Make no mistake, this is a showy film. Miller’s graphic novel and the events they’re based on are very singular. This is not Spartacus or Gladiator,
both of which are action films masked by meaty and complex stories.
This is a lean and mean action film that just happens to take place in
acnient times. It’s the saving grace of 300, its willingness to be a jack of one trade and to do it very, VERY well.

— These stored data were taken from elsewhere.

(* For every field $\mathbb{K}$, $\mathcal{G}'+\mathcal{G}'=\mathbb{K}((t^{-1}))$.
   Context: $\mathbb{K}((t^{-1}))$ is the field of formal Laurent series $\sum_{n=-\infty}^{\infty}\alpha_n t^{-n}$ over the field $\mathbb{K}$ (only finitely many nonzero $\alpha_n$ with $n<0$), with $\deg\alpha=\sup\{-n:\alpha_n\ne0\}$. Every $\alpha$ has a unique continued fraction expansion $[a_0;a_1,a_2,\dots]$ with $a_n\in\mathbb{K}[t]$, $\deg a_n\ge1$ for $n\ge1$, finite iff $\alpha\in\mathbb{K}(t)$. $a_n(\alpha)$ is the $n$-th partial quotient (when defined) and $d_n(\alpha)=\deg a_n(\alpha)$. $\mathcal{G}'=\{\alpha\in\mathbb{K}((t^{-1})): d_n(\alpha)<d_{n+1}(\alpha) \text{ for every } n\ge1 \text{ such that } a_{n+1}(\alpha) \text{ is defined}\}$. *)

theory Defs
  imports "HOL-Computational_Algebra.Computational_Algebra"
begin

text \<open>The field K((t^-1)) is rendered as the type 'a fls of formal Laurent series in the
  variable X = t^-1 (finitely many negative powers of X = finitely many positive powers of t).
  The coefficient alpha_n of t^-n is fls_nth f n.  Polynomials in t are 'a poly, embedded via t = X^-1.\<close>

definition laurent_deg :: "'a::zero fls \<Rightarrow> int" where
  "laurent_deg f = - fls_subdegree f"

definition poly_to_laurent :: "'a::comm_ring_1 poly \<Rightarrow> 'a fls" where
  "poly_to_laurent p = (\<Sum>k\<le>degree p. fls_const (coeff p k) * fls_X_inv ^ k)"

text \<open>Polynomial (integer) part: the terms alpha_n t^-n with n \<le> 0, as a polynomial in t.\<close>
definition laurent_ipart :: "'a::zero fls \<Rightarrow> 'a poly" where
  "laurent_ipart f = Poly (map (\<lambda>k. fls_nth f (- int k)) [0..<nat (- fls_subdegree f) + 1])"

definition laurent_fpart :: "'a::comm_ring_1 fls \<Rightarrow> 'a fls" where
  "laurent_fpart f = f - poly_to_laurent (laurent_ipart f)"

primrec cf_rem :: "'a::field fls \<Rightarrow> nat \<Rightarrow> 'a fls" where
  "cf_rem f 0 = f"
| "cf_rem f (Suc n) = inverse (laurent_fpart (cf_rem f n))"

text \<open>a_n(alpha) is defined iff the expansion has not terminated before step n.\<close>
definition pq_defined :: "'a::field fls \<Rightarrow> nat \<Rightarrow> bool" where
  "pq_defined f n \<longleftrightarrow> (\<forall>k<n. laurent_fpart (cf_rem f k) \<noteq> 0)"

definition partial_quotient :: "'a::field fls \<Rightarrow> nat \<Rightarrow> 'a poly" where
  "partial_quotient f n = laurent_ipart (cf_rem f n)"

definition pq_deg :: "'a::field fls \<Rightarrow> nat \<Rightarrow> nat" where
  "pq_deg f n = degree (partial_quotient f n)"

definition G' :: "'a::field fls set" where
  "G' = {f. \<forall>n\<ge>1. pq_defined f (n + 1) \<longrightarrow> pq_deg f n < pq_deg f (n + 1)}"

end

theory Submission
  imports Defs
begin

text \<open>
  Let w_n be the fractional part of the n-th complete quotient of a series f, so that
  d_n = deg a_(n+1) is the order of w_n in X = t^-1. Coefficient j of w_n depends only on the
  coefficients of f up to order M = 2 (d_0 + ... + d_(n-1)) + j, and affinely with nonzero
  slope on the one of order M. Reading the coefficients of f in increasing order, each one
  therefore either decides the next coefficient of the w_n under examination, and can be
  chosen to kill it, or only affects lower-order terms of the partial quotient just found.

  Given \<alpha>, build y coefficient by coefficient and put z = \<alpha> - y. Every new coefficient of y
  (equivalently of z) kills the examined coefficient of one of y and z, which postpones its
  next degree. Serving the side whose next degree would otherwise not exceed the previous one,
  a finite invariant on the pair of reading states shows that this side can always be
  served, so both y and z have strictly increasing degrees of partial quotients.
\<close>

unbundle fps_syntax

lemma coeff_laurent_ipart: "coeff (laurent_ipart f) k = f $$ (- int k)"
proof -
  define L where "L = nat (- fls_subdegree f) + 1"
  have "coeff (laurent_ipart f) k = nth_default 0 (map (\<lambda>k. f $$ (- int k)) [0..<L]) k"
    unfolding laurent_ipart_def L_def by simp
  also have "\<dots> = f $$ (- int k)"
  proof (cases "k < L")
    case False
    then have "- int k < fls_subdegree f" unfolding L_def by linarith
    with False show ?thesis by (simp add: nth_default_def)
  qed (simp add: nth_default_def)
  finally show ?thesis .
qed

lemma poly_to_laurent_nth:
  "poly_to_laurent p $$ n = (if n \<le> 0 then coeff p (nat (- n)) else 0)"
proof -
  have "poly_to_laurent p $$ n = (\<Sum>k\<le>degree p. coeff p k * (if n = - int k then 1 else 0))"
    unfolding poly_to_laurent_def by (simp add: fls_nth_sum)
  also have "\<dots> = (\<Sum>k\<le>degree p. if k = nat (- n) then (if n \<le> 0 then coeff p k else 0) else 0)"
    by (intro sum.cong) auto
  also have "\<dots> = (if n \<le> 0 then coeff p (nat (- n)) else 0)"
    by (simp add: sum.delta coeff_eq_0)
  finally show ?thesis .
qed

lemma laurent_fpart_nth: "laurent_fpart f $$ n = (if 0 < n then f $$ n else 0)"
  by (simp add: laurent_fpart_def poly_to_laurent_nth coeff_laurent_ipart)

lemma laurent_fpart_subdegree: "laurent_fpart f \<noteq> 0 \<Longrightarrow> 1 \<le> fls_subdegree (laurent_fpart f)"
  by (metis laurent_fpart_nth nth_fls_subdegree_nonzero int_one_le_iff_zero_less)

lemma degree_laurent_ipart_inverse:
  fixes w :: "'a::field fls"
  assumes "w \<noteq> 0" "1 \<le> fls_subdegree w"
  shows "degree (laurent_ipart (inverse w)) = nat (fls_subdegree w)"
proof (rule antisym)
  have sd: "fls_subdegree (inverse w) = - fls_subdegree w" by simp
  show "degree (laurent_ipart (inverse w)) \<le> nat (fls_subdegree w)"
    by (rule degree_le) (simp add: coeff_laurent_ipart sd)
  have "coeff (laurent_ipart (inverse w)) (nat (fls_subdegree w)) \<noteq> 0"
    using assms nth_fls_subdegree_nonzero[of "inverse w"] by (simp add: coeff_laurent_ipart)
  then show "nat (fls_subdegree w) \<le> degree (laurent_ipart (inverse w))"
    by (rule le_degree)
qed

lemma fls_times_nth_lower:
  fixes A B :: "'a::semiring_0 fls"
  assumes "\<forall>k<a. A $$ k = 0" and "\<forall>k<b. B $$ k = 0"
  shows "\<forall>k<a + b. (A * B) $$ k = 0" and "(A * B) $$ (a + b) = A $$ a * B $$ b"
proof -
  have "(\<forall>k<a + b. (A * B) $$ k = 0) \<and> (A * B) $$ (a + b) = A $$ a * B $$ b"
  proof (cases "A = 0 \<or> B = 0")
    case False
    then have sa: "a \<le> fls_subdegree A" and sb: "b \<le> fls_subdegree B"
      using assms by (auto intro: fls_subdegree_geI)
    have "(A * B) $$ (a + b) = A $$ a * B $$ b"
    proof (cases "a = fls_subdegree A \<and> b = fls_subdegree B")
      case True
      then show ?thesis using fls_times_nth(4)[of A B "a + b"] by simp
    next
      case False
      then have "a < fls_subdegree A \<or> b < fls_subdegree B" using sa sb by auto
      then show ?thesis using fls_times_nth_eq0[of "a + b" A B] sa sb by auto
    qed
    then show ?thesis using sa sb by (auto intro: fls_times_nth_eq0)
  qed auto
  then show "\<forall>k<a + b. (A * B) $$ k = 0" and "(A * B) $$ (a + b) = A $$ a * B $$ b"
    by auto
qed

lemma inverse_fls_perturb:
  fixes a b :: "'a::field fls"
  assumes a: "a \<noteq> 0" and s: "fls_subdegree a < s" and agree: "\<forall>k<s. b $$ k = a $$ k"
  defines "d \<equiv> fls_subdegree a"
  shows "\<forall>k<s - 2 * d. inverse b $$ k = inverse a $$ k"
    and "inverse b $$ (s - 2 * d) - inverse a $$ (s - 2 * d) = (a $$ s - b $$ s) / (a $$ d)\<^sup>2"
proof -
  have bd: "b $$ d = a $$ d" using agree s by (simp add: d_def)
  then have "b $$ d \<noteq> 0" using a by (simp add: d_def)
  then have b: "b \<noteq> 0" and sb: "fls_subdegree b = d"
    using agree s by (auto intro!: fls_subdegree_eqI simp: d_def)
  have inv_a: "\<forall>k < - d. inverse a $$ k = 0" "inverse a $$ (- d) = inverse (a $$ d)"
    using a by (auto simp: d_def fls_inverse_base)
  have inv_b: "\<forall>k < - d. inverse b $$ k = 0" "inverse b $$ (- d) = inverse (a $$ d)"
    using b sb bd by (auto simp: fls_inverse_base[of b])
  have diff_low: "\<forall>k<s. (a - b) $$ k = 0" using agree by simp
  have "s - 2 * d = s + - d + - d" by simp
  then have low: "\<forall>k<s - 2 * d. ((a - b) * inverse a * inverse b) $$ k = 0"
    and top: "((a - b) * inverse a * inverse b) $$ (s - 2 * d) = (a $$ s - b $$ s) / (a $$ d)\<^sup>2"
    using fls_times_nth_lower[OF fls_times_nth_lower(1)[OF diff_low inv_a(1)] inv_b(1)]
      fls_times_nth_lower(2)[OF diff_low inv_a(1)] inv_a(2) inv_b(2)
    by (simp_all add: power2_eq_square divide_inverse inverse_mult_distrib)
  have "inverse b - inverse a = (a - b) * inverse a * inverse b"
    using a b by (simp add: field_simps)
  then have coeff_diff: "inverse b $$ k - inverse a $$ k = ((a - b) * inverse a * inverse b) $$ k"
    for k by (metis fls_minus_nth)
  show "\<forall>k<s - 2 * d. inverse b $$ k = inverse a $$ k"
    using low coeff_diff by (metis right_minus_eq)
  show "inverse b $$ (s - 2 * d) - inverse a $$ (s - 2 * d) = (a $$ s - b $$ s) / (a $$ d)\<^sup>2"
    using top coeff_diff by simp
qed

definition cf_frac :: "'a::field fls \<Rightarrow> nat \<Rightarrow> 'a fls" where
  "cf_frac f n = laurent_fpart (cf_rem f n)"

lemma cf_frac_0: "cf_frac f 0 = laurent_fpart f"
  by (simp add: cf_frac_def)

lemma cf_frac_Suc: "cf_frac f (Suc n) = laurent_fpart (inverse (cf_frac f n))"
  by (simp add: cf_frac_def)

definition cf_deg :: "'a::field fls \<Rightarrow> nat \<Rightarrow> nat" where
  "cf_deg f n = nat (fls_subdegree (cf_frac f n))"

definition cf_deg_sum :: "'a::field fls \<Rightarrow> nat \<Rightarrow> nat" where
  "cf_deg_sum f n = (\<Sum>k<n. cf_deg f k)"

lemma cf_deg_sum_Suc: "cf_deg_sum f (Suc n) = cf_deg_sum f n + cf_deg f n"
  by (simp add: cf_deg_sum_def)

lemma cf_deg_sum_mono: "m \<le> n \<Longrightarrow> cf_deg_sum f m \<le> cf_deg_sum f n"
  unfolding cf_deg_sum_def by (rule sum_mono2) auto

lemma cf_frac_nonpos [simp]: "k \<le> 0 \<Longrightarrow> cf_frac f n $$ k = 0"
  by (simp add: cf_frac_def laurent_fpart_nth)

lemma cf_frac_subdegree: "cf_frac f n \<noteq> 0 \<Longrightarrow> fls_subdegree (cf_frac f n) = int (cf_deg f n)"
  using laurent_fpart_subdegree[of "cf_rem f n"] by (simp add: cf_deg_def cf_frac_def)

lemma cf_deg_pos: "cf_frac f n \<noteq> 0 \<Longrightarrow> 1 \<le> cf_deg f n"
  using laurent_fpart_subdegree[of "cf_rem f n"] by (simp add: cf_deg_def cf_frac_def)

lemma pq_defined_iff: "pq_defined f n \<longleftrightarrow> (\<forall>k<n. cf_frac f k \<noteq> 0)"
  by (simp add: pq_defined_def cf_frac_def)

"But you’re too big to be Kuatooooooooooooommmmppppppppph!"

The
battles are quite breathtaking and the decision to shoot the film
almost entirely against a greenscreen could have been distracting if
the style and palette wasn’t confidently rendered. The film is a beast,
a nice mix of big moments and wonderfully brief ones. Seeing hordes of
Persians defeated effortlessly by crashing waves and rocks is a nice
counterweight to the quick dispatching of the first wave at the mouth
of the Hot Gates (Thermopylae), which dovetails perfectly into the
moment where the soldiers deal with a sky-blocking assaultof arrows.
It’s not drawn out and when the air clears there are some excellent
character moments for all of the principals.

Where the film falters is in the moments where it feels familiar, whether it be the somewhat silly [but pivotal] hunchback Ephialtes,
the treachery of the politicians back home, or the moments with the
Oracle which lean Leonidas to his fateful decision. Additionally, the
villains, though they may be cool, scary, and larger-than-life, are
very much scaled back in their conception. Xerxes is a giant and odd
creation and the Persians are mostly just fodder for the blade. The
film doesn’t need to create much personality for the adversaries but I
can see how some viewers may be disappointed in their lack of
development.

There’s a definite sense of "been there, done that" at times, but 300 always gets back on course whenever Butler and his men are front and center.


Looks just like the comic. Sadly, that comic is not Ambush Bug #3.

This is a career
defining role for Butler, one which elevates him from a great
supporting character to a charismatic leading actor. His work, though
less complex than Russell Crowe’s similarly effective work as Maximus,
is just as memorable. With his steely eyes and jutting beard

Butler’s Leonidas is someone you could believe 300 men or 3,000 would
gladly follow to Hell’s flames. That’s the simplicity of this story and
this film which is so wonderful. Less concerned with a message than
telling a great story without fear of being too extreme in the
presentation [there’s even a little rock music layered in there], Zach
Snyder’s 300
is a film that not only announces a truly interesting filmmaking talent
but also reminds you that you don’t have to re-invent the wheel if you
have some really bitchin’ spinners on it.

The Package

Thank
Xerxes we don’t have to crave a double-dip any time soon. The DVD
features a truly terrific and informative commentary track starring the
film’s auteur. The amount of work in creation here is astounding and
though in a way it’s not dissimilar to the way George Lucas shot the Star Wars prequels it feels a lot more genuine here. Snyder has seemingly limitless energy, something which bodes well for his Watchman adaptation, because the mixture of Dawn of the Dead, 300, and Alan Moore’s amazing prose suggests a wonderfull cocktail.

Additionally,
there’s a treasure trove of supplements on the second disc, mostof
which are not only worth seeing but ones which actually enhance the
experience. Though I personally find the film to be extremely
heightened, it’s nice to see that the crew involved historians and made
the effort to have the DVD be as informative as possible without losing
the electricity and skull-smashing fun of the film.

This is definitely one for the shelves, and the art, especially with the cardboard slipcase, is seriously badass.

9.0 out of 10


Hollywood Secret #498 – Gerard Butler has Mel Gibson’s ass and Charles Durning’s shadow.